What needs to be done: When the word "function" appears in a line of the data below, list that line.

Input material:
text \<open>A \<open>1\<close>-Lipschitz test function may be shifted by a constant (which does not change its
  pairing with a function of mean zero) so as to be orthogonal to \<open>\<Phi>\<close>, whose coefficient carries
  weight \<open>0\<close> on the right-hand side; this is where \<open>\<integral>\<Phi> \<noteq> 0\<close> is needed.\<close>
lemma lipschitz_shift_orthogonal_phi:
  fixes h :: "real^'n::finite \<Rightarrow> real"
  assumes onb: "is_ONB (wsys \<phi>0 \<psi>0 :: _ \<Rightarrow> real^'n \<Rightarrow> real) wsys_index" and h: "1-lipschitz_on UNIV h"
  obtains c where "\<And>x. \<bar>h x + c\<bar> \<le> norm x + shift_const TYPE('n)"
    and "(\<integral>x. (h x + c) * phi_tensor \<phi>0 x \<partial>lborel) = 0"
proof -
  define P where "P = (\<integral>x. phi_tensor \<phi>0 (x::real^'n) \<partial>lborel)"
  define A where "A = (\<integral>x. \<bar>phi_tensor \<phi>0 (x::real^'n)\<bar> \<partial>lborel)"
  have P: "P \<noteq> 0" unfolding P_def by (rule integral_phi_tensor_neq_0[OF onb])
  have h0: "\<bar>h x - h 0\<bar> \<le> norm x" for x
    using lipschitz_onD[OF h, of x 0] by (simp add: dist_real_def)
  have h_cont: "continuous_on UNIV (\<lambda>x. h x - h 0)"
    using lipschitz_on_continuous_on[OF h] by (intro continuous_intros)
  define I where "I = (\<integral>x. (h x - h 0) * phi_tensor \<phi>0 x \<partial>lborel)"
  have I_int: "integrable lborel (\<lambda>x. (h x - h 0) * phi_tensor \<phi>0 x)"
    by (rule integrable_continuous_mult_cont_supp_cball[OF cont_supp_phi_tensor h_cont])
  have "\<bar>I\<bar> \<le> real CARD('n) * B * A"
    using phi_k_coef_le[OF h_cont, of 0 "\<lambda>_. 0"] h0
    by (simp add: I_def wip_def phi_k_eq_dyadic_atom A_def int_vec_def dyadic_atom_def vec_eq_iff
        flip: zero_vec_def)
  show thesis
  proof (rule that)
    fix x
    have "\<bar>h x + (- h 0 - I / P)\<bar> \<le> \<bar>h x - h 0\<bar> + \<bar>I\<bar> / \<bar>P\<bar>"
      using abs_triangle_ineq4[of "h x - h 0" "I / P"] by (simp add: abs_divide algebra_simps)
    also have "\<dots> \<le> norm x + real CARD('n) * B * A / \<bar>P\<bar>"
      using h0[of x] \<open>\<bar>I\<bar> \<le> _\<close> by (intro add_mono divide_right_mono) auto
    finally show "\<bar>h x + (- h 0 - I / P)\<bar> \<le> norm x + shift_const TYPE('n)"
      by (simp add: shift_const_def A_def P_def)
  next
    have "(\<integral>x. (h x + (- h 0 - I / P)) * phi_tensor \<phi>0 x \<partial>lborel)
        = (\<integral>x. (h x - h 0) * phi_tensor \<phi>0 x - I / P * phi_tensor \<phi>0 x \<partial>lborel)"
      by (simp add: algebra_simps)
    also have "\<dots> = (\<integral>x. (h x - h 0) * phi_tensor \<phi>0 x \<partial>lborel) - (\<integral>x. I / P * phi_tensor \<phi>0 (x::real^'n) \<partial>lborel)"
      using integrable_mult_right[OF integrable_cont_supp_cball[OF cont_supp_phi_tensor], of "I / P"]
      by (rule Bochner_Integration.integral_diff[OF I_int])
    also have "\<dots> = I - I / P * P" by (simp only: I_def P_def integral_mult_right_zero)
    also have "\<dots> = 0" using P by simp
    finally show "(\<integral>x. (h x + (- h 0 - I / P)) * phi_tensor \<phi>0 x \<partial>lborel) = 0" .
  qed
qed

definition cutoff_const :: "'n::finite itself \<Rightarrow> real \<Rightarrow> real" where
  "cutoff_const _ c0 = (1 + real CARD('n) * B + c0) * (\<integral>x. \<bar>phi_tensor \<phi>0 (x::real^'n)\<bar> \<partial>lborel)
     + 4 * (real CARD('n) * B) * (\<Sum>\<iota>\<in>UNIV. \<integral>x. \<bar>psi_type \<phi>0 \<psi>0 \<iota> (x::real^'n)\<bar> \<partial>lborel)"

lemma cutoff_const_nonneg: "0 \<le> c0 \<Longrightarrow> 0 \<le> cutoff_const TYPE('n::finite) c0"
  using B_nonneg by (simp add: cutoff_const_def sum_nonneg)

lemma phi_k_coef_mult_radial_cutoff_le:
  fixes h :: "real^'n::finite \<Rightarrow> real"
  assumes h: "continuous_on UNIV h" "\<And>x. \<bar>h x\<bar> \<le> norm x + c0"
    and h_phi: "(\<integral>x. h x * phi_tensor \<phi>0 x \<partial>lborel) = 0"
    and R: "0 < R" "real CARD('n) * B \<le> R"
  shows "\<bar>wip (\<lambda>x. h x * radial_cutoff R x) (phi_k \<phi>0 k)\<bar>
           \<le> (1 + real CARD('n) * B + c0) * (\<integral>x. \<bar>phi_tensor \<phi>0 (x::real^'n)\<bar> \<partial>lborel) * norm (int_vec k)"
proof (cases "k = (\<lambda>_. 0)")
  case True
  then show ?thesis using phi_0_coef_mult_radial_cutoff[OF R, of h] h_phi by (simp add: int_vec_zero)
next
  case False
  define A where "A = (\<integral>x. \<bar>phi_tensor \<phi>0 (x::real^'n)\<bar> \<partial>lborel)"
  have c0: "0 \<le> c0" using h(2)[of 0] by simp
  have k: "1 \<le> norm (int_vec k)" using False by (rule one_le_norm_int_vec)
  have v_le: "\<bar>h x * radial_cutoff R x\<bar> \<le> norm x + c0" for x
  proof -
    have "\<bar>h x * radial_cutoff R x\<bar> \<le> \<bar>h x\<bar>" using radial_cutoff_bounds[of R x] by (simp add: abs_mult mult_left_le)
    then show ?thesis using h(2)[of x] by linarith
  qed
  have "continuous_on UNIV (\<lambda>x. h x * radial_cutoff R x)"
    by (intro continuous_on_mult h(1) lipschitz_on_continuous_on[OF lipschitz_radial_cutoff[OF R(1)]])
  then have "\<bar>wip (\<lambda>x. h x * radial_cutoff R x) (phi_k \<phi>0 k)\<bar> \<le> (norm (int_vec k) + real CARD('n) * B + c0) * A"
    unfolding A_def using v_le by (rule phi_k_coef_le)
  also have "\<dots> \<le> (1 + real CARD('n) * B + c0) * A * norm (int_vec k)"
  proof -
    have "real CARD('n) * B + c0 \<le> (real CARD('n) * B + c0) * norm (int_vec k)"
      using mult_left_mono[OF k, of "real CARD('n) * B + c0"] B_nonneg c0 by simp
    then have "norm (int_vec k) + real CARD('n) * B + c0 \<le> (1 + real CARD('n) * B + c0) * norm (int_vec k)"
      by (simp add: algebra_simps)
    then have "(norm (int_vec k) + real CARD('n) * B + c0) * A \<le> (1 + real CARD('n) * B + c0) * norm (int_vec k) * A"
      by (rule mult_right_mono) (simp add: A_def)
    then show ?thesis by (simp add: mult_ac)
  qed
  finally show ?thesis by (simp add: A_def)
qed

Answer to this exercise:
text \<open>A \<open>1\<close>-Lipschitz test function may be shifted by a constant (which does not change its
  pairing with a function of mean zero) so as to be orthogonal to \<open>\<Phi>\<close>, whose coefficient carries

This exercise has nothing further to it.